A titular da Secult, Elci Freitas, destacou a importância da cultura para a construção social. “Hoje é dia de celebrar a história, reconhecer trajetórias e reafirmar a relevância da presença e da contribuição das mulheres negras na construção da nossa sociedade. A cultura é feita de memória, resistência e de pessoas que dedicam suas vidas para fortalecer as comunidades”, afirmou.

O principal objetivo da condecoração é devolver o protagonismo, visibilizar a dedicação e luta travada pelas mulheres premiadas e o legado deixado por cada uma delas. “Sou de Jauá, moro há 50 anos em Vila de Abrantes e a minha vida toda foi dedicada à educação e projetos sociais. Estou muito feliz e orgulhosa por receber esse prêmio e parabenizo a Prefeitura por essa iniciativa”, declarou a professora Hilda Costa, acompanhada pelo filho e neta, Acivaldo Costa e Isabelly Costa, respectivamente.

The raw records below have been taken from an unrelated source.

(* Let $(S,\gamma)$ be a generic $C^\infty$ surface with boundary in $\mathbf{R}^3$ and let $\gamma(s_1)$ be a swallowtail-tangent point. Then the distance $d$ between $\gamma(s_1)$ and the corresponding swallowtail point of the boundary-envelope (the envelope-swallowtail) is $$d=\left|\frac{\kappa_2\sqrt{\kappa_2^2+\kappa_3^2}}{\kappa_2(\kappa_3'+\kappa_1\kappa_2)+\kappa_3(-\kappa_2'+\kappa_1\kappa_3)}\right|,$$ evaluated at $s=s_1$.
   Context: $S\subset\mathbf{R}^3$ is a co-oriented immersed $C^\infty$ surface with boundary curve $\gamma(s)$ parametrised by arc length; "generic" means for all surfaces in a residual subset w.r.t. the $C^\infty$ topology; primes denote $d/ds$. Adapted frame: $\boldsymbol e_1=\gamma'$, $\boldsymbol e_3=\boldsymbol n$ the unit normal, $\boldsymbol e_2=\boldsymbol e_3\times\boldsymbol e_1$; $\kappa_1,\kappa_2,\kappa_3$ are defined by $\boldsymbol e_1'=\kappa_1\boldsymbol e_2+\kappa_2\boldsymbol e_3$, $\boldsymbol e_2'=-\kappa_1\boldsymbol e_1+\kappa_3\boldsymbol e_3$, $\boldsymbol e_3'=-\kappa_2\boldsymbol e_1-\kappa_3\boldsymbol e_2$. The boundary-envelope is the envelope in $\mathbf{R}P^3$ of the one-parameter family of planes $T_{\gamma(s)}S=\{x: x\cdot\boldsymbol n(s)=\gamma(s)\cdot\boldsymbol n(s)\}$. A point $\gamma(s_1)$ is swallowtail-tangent if $T_{\gamma(s_1)}S$ contacts the boundary-envelope at a swallowtail singular point of the envelope (a germ right-left equivalent to $(x,t)\mapsto(x,4t^3-2xt,3t^4-xt^2)$); that swallowtail point is the envelope-swallowtail corresponding to $\gamma(s_1)$. (If the denominator vanishes the envelope-swallowtail lies at infinity.) *)

theory Defs
  imports "HOL-Analysis.Analysis"
begin

fun pderivs :: "'a::euclidean_space list \<Rightarrow> ('a \<Rightarrow> 'b::real_normed_vector) \<Rightarrow> 'a \<Rightarrow> 'b" where
  "pderivs [] f = f"
| "pderivs (v # vs) f = (\<lambda>x. vector_derivative (\<lambda>t. pderivs vs f (x + t *\<^sub>R v)) (at 0))"

definition smooth_on :: "'a::euclidean_space set \<Rightarrow> ('a \<Rightarrow> 'b::real_normed_vector) \<Rightarrow> bool" where
  "smooth_on U f \<longleftrightarrow> open U \<and>
     (\<forall>vs. set vs \<subseteq> Basis \<longrightarrow>
        continuous_on U (pderivs vs f) \<and>
        (\<forall>x\<in>U. \<forall>v\<in>Basis. (\<lambda>t. pderivs vs f (x + t *\<^sub>R v)) differentiable (at 0)))"

definition diffeo_on :: "'a::euclidean_space set \<Rightarrow> 'a set \<Rightarrow> ('a \<Rightarrow> 'a) \<Rightarrow> bool" where
  "diffeo_on U V \<phi> \<longleftrightarrow> open U \<and> open V \<and> bij_betw \<phi> U V \<and>
     smooth_on U \<phi> \<and> smooth_on V (inv_into U \<phi>)"

definition rl_equiv_germ ::
  "'a::euclidean_space set \<Rightarrow> ('a \<Rightarrow> 'b::euclidean_space) \<Rightarrow> 'a \<Rightarrow> ('a \<Rightarrow> 'b) \<Rightarrow> 'a \<Rightarrow> bool" where
  "rl_equiv_germ D f a g b \<longleftrightarrow>
     (\<exists>U U' W W' \<phi> \<psi>. b \<in> U \<and> U' \<subseteq> D \<and> f a \<in> W \<and>
        diffeo_on U U' \<phi> \<and> diffeo_on W W' \<psi> \<and> \<phi> b = a \<and>
        (\<forall>z\<in>U. f (\<phi> z) \<in> W \<and> \<psi> (f (\<phi> z)) = g z))"

definition swallowtail_germ :: "real \<times> real \<Rightarrow> real ^ 3" where
  "swallowtail_germ = (\<lambda>(x, t). vector [x, 4 * t ^ 3 - 2 * x * t, 3 * t ^ 4 - x * t ^ 2])"

definition frame_e1 :: "(real \<Rightarrow> real ^ 3) \<Rightarrow> real \<Rightarrow> real ^ 3" where
  "frame_e1 \<gamma> s = vector_derivative \<gamma> (at s)"

definition frame_e2 :: "(real \<Rightarrow> real ^ 3) \<Rightarrow> (real \<Rightarrow> real ^ 3) \<Rightarrow> real \<Rightarrow> real ^ 3" where
  "frame_e2 \<gamma> n s = cross3 (n s) (frame_e1 \<gamma> s)"

text \<open>The curvatures are the coefficients in the frame equations
  e1' = k1 e2 + k2 e3, e2' = -k1 e1 + k3 e3 (e3 = n).\<close>
definition kappa1 :: "(real \<Rightarrow> real ^ 3) \<Rightarrow> (real \<Rightarrow> real ^ 3) \<Rightarrow> real \<Rightarrow> real" where
  "kappa1 \<gamma> n s = vector_derivative (frame_e1 \<gamma>) (at s) \<bullet> frame_e2 \<gamma> n s"

definition kappa2 :: "(real \<Rightarrow> real ^ 3) \<Rightarrow> (real \<Rightarrow> real ^ 3) \<Rightarrow> real \<Rightarrow> real" where
  "kappa2 \<gamma> n s = vector_derivative (frame_e1 \<gamma>) (at s) \<bullet> n s"

definition kappa3 :: "(real \<Rightarrow> real ^ 3) \<Rightarrow> (real \<Rightarrow> real ^ 3) \<Rightarrow> real \<Rightarrow> real" where
  "kappa3 \<gamma> n s = vector_derivative (frame_e2 \<gamma> n) (at s) \<bullet> n s"

text \<open>Affine part of the envelope of the planes T_{gamma(s)}S = {x. x . n(s) = gamma(s) . n(s)}:
  the characteristic line of parameter s is the intersection of the plane with its
  derivative plane, i.e. gamma(s) + u (n(s) x n'(s)).\<close>
definition envelope_map :: "(real \<Rightarrow> real ^ 3) \<Rightarrow> (real \<Rightarrow> real ^ 3) \<Rightarrow> real \<times> real \<Rightarrow> real ^ 3" where
  "envelope_map \<gamma> n = (\<lambda>(s, u). \<gamma> s + u *\<^sub>R cross3 (n s) (vector_derivative n (at s)))"

text \<open>gamma(s1) is swallowtail-tangent and p (a finite point) is the corresponding
  envelope-swallowtail: T_{gamma(s1)}S contacts the envelope at p = envelope point on the
  characteristic line of s1, where the envelope germ is a swallowtail.\<close>
definition envelope_swallowtail ::
  "real set \<Rightarrow> (real \<Rightarrow> real ^ 3) \<Rightarrow> (real \<Rightarrow> real ^ 3) \<Rightarrow> real \<Rightarrow> real ^ 3 \<Rightarrow> bool" where
  "envelope_swallowtail I \<gamma> n s1 p \<longleftrightarrow>
     (\<exists>u. p = envelope_map \<gamma> n (s1, u) \<and>
          rl_equiv_germ (I \<times> UNIV) (envelope_map \<gamma> n) (s1, u) swallowtail_germ (0, 0))"

end

theory Submission
  imports Defs
begin

(* At a swallowtail point (s1, u) of the boundary-envelope F(s, u) = gamma(s) + u (n x n')(s) the
   differential DF is singular, since that of the swallowtail germ is.  In the adapted frame
   n x n' = k3 e1 - k2 e2, and its derivative is A e1 + B e2 with A = k3' + k1 k2, B = -k2' + k1 k3;
   hence DF(s1, u) is singular exactly when k2 + u (k2 A + k3 B) = 0.  This determines u, and the
   distance from gamma(s1) to F(s1, u) is |u| |n x n'| = |u| sqrt(k2^2 + k3^2).
   If k2 A + k3 B = 0 then k2 = 0, and n x n' must vanish: otherwise B = 0 and every point of the
   characteristic line is singular, while the singular set of a swallowtail is a curve tangent to the
   kernel of the differential at the swallowtail point; so d/du, whose image is n x n', is in that
   kernel. *)

section \<open>Smooth maps\<close>

lemma has_vector_derivative_shift_at_0_iff:
  fixes g :: "real \<Rightarrow> 'b::real_normed_vector"
  shows "((\<lambda>s. g (a + s)) has_vector_derivative D) (at 0) \<longleftrightarrow> (g has_vector_derivative D) (at a)"
proof
  assume "((\<lambda>s. g (a + s)) has_vector_derivative D) (at 0)"
  moreover have "((\<lambda>x. x - a) has_vector_derivative 1) (at a)"
    by (auto intro!: derivative_eq_intros)
  ultimately have "((\<lambda>s. g (a + s)) \<circ> (\<lambda>x. x - a) has_vector_derivative 1 *\<^sub>R D) (at a)"
    by (intro vector_diff_chain_at) simp_all
  then show "(g has_vector_derivative D) (at a)" by (simp add: o_def)
next
  assume "(g has_vector_derivative D) (at a)"
  moreover have "((\<lambda>x. a + x) has_vector_derivative 1) (at 0)"
    by (auto intro!: derivative_eq_intros)
  ultimately have "(g \<circ> (\<lambda>x. a + x) has_vector_derivative 1 *\<^sub>R D) (at 0)"
    by (intro vector_diff_chain_at) simp_all
  then show "((\<lambda>s. g (a + s)) has_vector_derivative D) (at 0)" by (simp add: o_def)
qed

O evento foi definido como gratificante pela professora e escritora, Asenete Franco. “Sou filha de Abrantes, assim como meus pais. Ser reconhecida na minha cidade natal é motivo de muita gratidão. Esses são os frutos da minha história como educadora, militante antirracista, ativista dos direitos humanos, sobretudo em favor das mulheres, e candomblecista. Se estou aqui hoje, é graças ao meu alicerce ancestral. Tem um provérbio africano que diz que se você não sabe para onde vai, ao menos saiba de onde você vem e eu sei de onde eu vim”, finalizou.

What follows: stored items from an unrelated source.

lemma frame_s_lift:
  assumes "\<And>\<theta>. cz differentiable (at \<theta>)" and "continuous_on UNIV (\<lambda>\<theta>. vector_derivative cz (at \<theta>))"
  shows "frame_s (lift t0 cz cw) s u = (0, vector_derivative cz (at s))"
proof -
  define D where "D = vector_derivative cz (at s)"
  have "(cz has_vector_derivative D) (at s)" unfolding D_def using assms(1) vector_derivative_works by blast
  moreover have "((\<lambda>\<sigma>. sint (\<lambda>\<sigma>. Im (cz \<sigma>) * Re (vector_derivative cz (at \<sigma>))) 0 \<sigma>)
      has_vector_derivative Im (cz s) * Re D) (at s)"
    unfolding D_def by (rule sint_has_vector_derivative[OF area_integrand_continuous[OF assms]])
  ultimately have "((\<lambda>\<sigma>. lift t0 cz cw (\<sigma>, u)) has_vector_derivative
      (0, Im D, 0, Re D, Im (cz s) * Re D)) (at s)"
    unfolding lift_def
    by (auto intro!: has_vector_derivative_Pair has_vector_derivative_Re has_vector_derivative_Im
        derivative_eq_intros)
  then show ?thesis
    unfolding frame_s_def lag_cx_def D_def by (simp add: vector_derivative_at complex_eq_iff)
qed

lemma frame_u_lift:
  assumes "\<And>\<theta>. cw differentiable (at \<theta>)" and "continuous_on UNIV (\<lambda>\<theta>. vector_derivative cw (at \<theta>))"
  shows "frame_u (lift t0 cz cw) s u = (vector_derivative cw (at u), 0)"
proof -
  define D where "D = vector_derivative cw (at u)"
  have "(cw has_vector_derivative D) (at u)" unfolding D_def using assms(1) vector_derivative_works by blast
  moreover have "((\<lambda>\<tau>. sint (\<lambda>\<tau>. Im (cw \<tau>) * Re (vector_derivative cw (at \<tau>))) 0 \<tau>)
      has_vector_derivative Im (cw u) * Re D) (at u)"
    unfolding D_def by (rule sint_has_vector_derivative[OF area_integrand_continuous[OF assms]])
  ultimately have "((\<lambda>\<tau>. lift t0 cz cw (s, \<tau>)) has_vector_derivative
      (Re D, 0, Im D, 0, Im (cw u) * Re D)) (at u)"
    unfolding lift_def
    by (auto intro!: has_vector_derivative_Pair has_vector_derivative_Re has_vector_derivative_Im
        derivative_eq_intros)
  then show ?thesis
    unfolding frame_u_def lag_cx_def D_def by (simp add: vector_derivative_at complex_eq_iff)
qed

lemma det_unitary_axes:
  assumes "a \<noteq> 0" and "b \<noteq> 0"
  shows "det_unitary (0, a) (b, 0) = - sgn b * sgn a"
proof -
  have "Re (cnj z * z) = (cmod z)\<^sup>2" for z
    by (metis complex_norm_square mult.commute Re_complex_of_real)
  then show ?thesis
    using assms unfolding det_unitary_def Let_def cinner_def cscale_def by (simp add: sgn_eq field_simps)
qed

theorem theorem1:
  fixes n :: nat and ms :: "mk list" and czx cwy :: "real \<Rightarrow> complex" and t0 :: real
  assumes "lagrangian_hypercube n ms"
    and "smoothing (map ctr (gzx ms)) czx"
    and "smoothing (map ctr (gwy ms)) cwy"
    and "lagrangian_curve (\<lambda>\<theta>. czx (2 * pi * \<theta>))"
    and "lagrangian_curve (\<lambda>\<theta>. cwy (2 * pi * \<theta>))"
    and "inj_on (lift t0 czx cwy) ({0..<2 * pi} \<times> {0..<2 * pi})"
  shows "rot_class (lift t0 czx cwy) =
           (complex_of_real (wnum (gzx ms)), complex_of_real (wnum (gwy ms)))"
proof -
  \<comment> \<open>the last three hypotheses only make \<open>L\<close> an embedded Legendrian; the computation does not use them\<close>
  have grids: "grid_diagram n (gzx ms)" "grid_diagram n (gwy ms)"
    using assms(1) by (auto simp: lagrangian_hypercube_def lagrangian_grid_def)
  note zx = smoothing_regular[OF assms(2)] and wy = smoothing_regular[OF assms(3)]
  define f where "f = lift t0 czx cwy"
  define Kzx where "Kzx = - sgn (vector_derivative cwy (at 0))"
  define Kwy where "Kwy = - sgn (vector_derivative czx (at 0))"
  have "Kzx \<noteq> 0" "Kwy \<noteq> 0" using zx(3) wy(3) by (simp_all add: Kzx_def Kwy_def sgn_zero_iff)
  have frames: "frame_s f s u = (0, vector_derivative czx (at s))"
      "frame_u f s u = (vector_derivative cwy (at u), 0)" for s u
    unfolding f_def using frame_s_lift[OF zx(1,2)] frame_u_lift[OF wy(1,2)] by simp_all
  have "winding_number (\<lambda>\<theta>. det_unitary (frame_s f (2 * pi * \<theta>) 0) (frame_u f (2 * pi * \<theta>) 0)) 0 =
      winding_on (\<lambda>\<theta>. Kzx * sgn (vector_derivative czx (at \<theta>))) 0 (2 * pi)"
    unfolding winding_on_def frames using zx(3) wy(3) by (simp add: det_unitary_axes Kzx_def)
  moreover have "winding_number (\<lambda>\<theta>. det_unitary (frame_s f 0 (2 * pi * \<theta>)) (frame_u f 0 (2 * pi * \<theta>))) 0 =
      winding_on (\<lambda>\<theta>. Kwy * sgn (vector_derivative cwy (at \<theta>))) 0 (2 * pi)"
    unfolding winding_on_def frames using zx(3) wy(3) by (simp add: det_unitary_axes Kwy_def mult.commute)
  ultimately show ?thesis
    using grid_smoothing_tangent_winding[OF grids(1) assms(2) \<open>Kzx \<noteq> 0\<close>]
      grid_smoothing_tangent_winding[OF grids(2) assms(3) \<open>Kwy \<noteq> 0\<close>]
    by (simp add: rot_class_def f_def)
qed

end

A noite foi de emoção, mas também de saudades para Aris Batista, que recebeu a premiação póstuma, em nome da mãe Cizina Batista, mais conhecida como Doradinha, falecida há 14 anos. “Minha mãe lutou a vida toda, criou nove filhos sozinha, lavando roupa de ganho. Não tem quem não saiba quem foi ela, na comunidade. Eu também sou lavadeira e agradeço por ter me ensinado uma profissão. Queria muito que ela estivesse aqui, mas sei que de onde ela estiver está vendo esse reconhecimento”, revelou.

A cerimônia foi aberta e abrilhantada pela apresentação de alunas do curso de balé do CETIVA, comandado pela professora Debora Santana.

O evento encerrou as diversas atividades que compuseram a programação da pasta, em alusão ao Julho das Pretas. Criado em 2013, a mobilização política e social celebra o Dia Internacional da Mulher Negra Latino-Americana e Caribenha, comemorado em 25 de julho, data que, no Brasil, também é celebrado o Dia Nacional de Tereza de Benguela e da Mulher Negra. A iniciativa busca dar visibilidade à luta contra o racismo, o sexismo e outras formas de discriminação, além de valorizar as contribuições históricas, sociais, culturais e políticas das mulheres negras.

INSPIRAÇÃO

O nome da premiação é inspirado em Dandara dos Palmares, uma das mais importantes referências da luta do povo negro no Brasil. Símbolo de coragem, liderança e resistência, Dandara representa a força das mulheres que enfrentam desafios cotidianos e seguem construindo caminhos de dignidade, justiça e igualdade para as futuras gerações. Assim como Dandara, as homenageadas são pilares que sustentam Vila de Abrantes, mantendo viva a cultura, educando as gerações e buscando um futuro com mais equidade.

A intenção é de que, a partir desta primeira edição, o prêmio integre o calendário oficial de eventos do município, consolidando-o como uma importante ação de valorização da memória, representatividade e protagonismo feminino negro, em Camaçari, fortalecendo referências e reafirmando a riqueza da diversidade cultural local.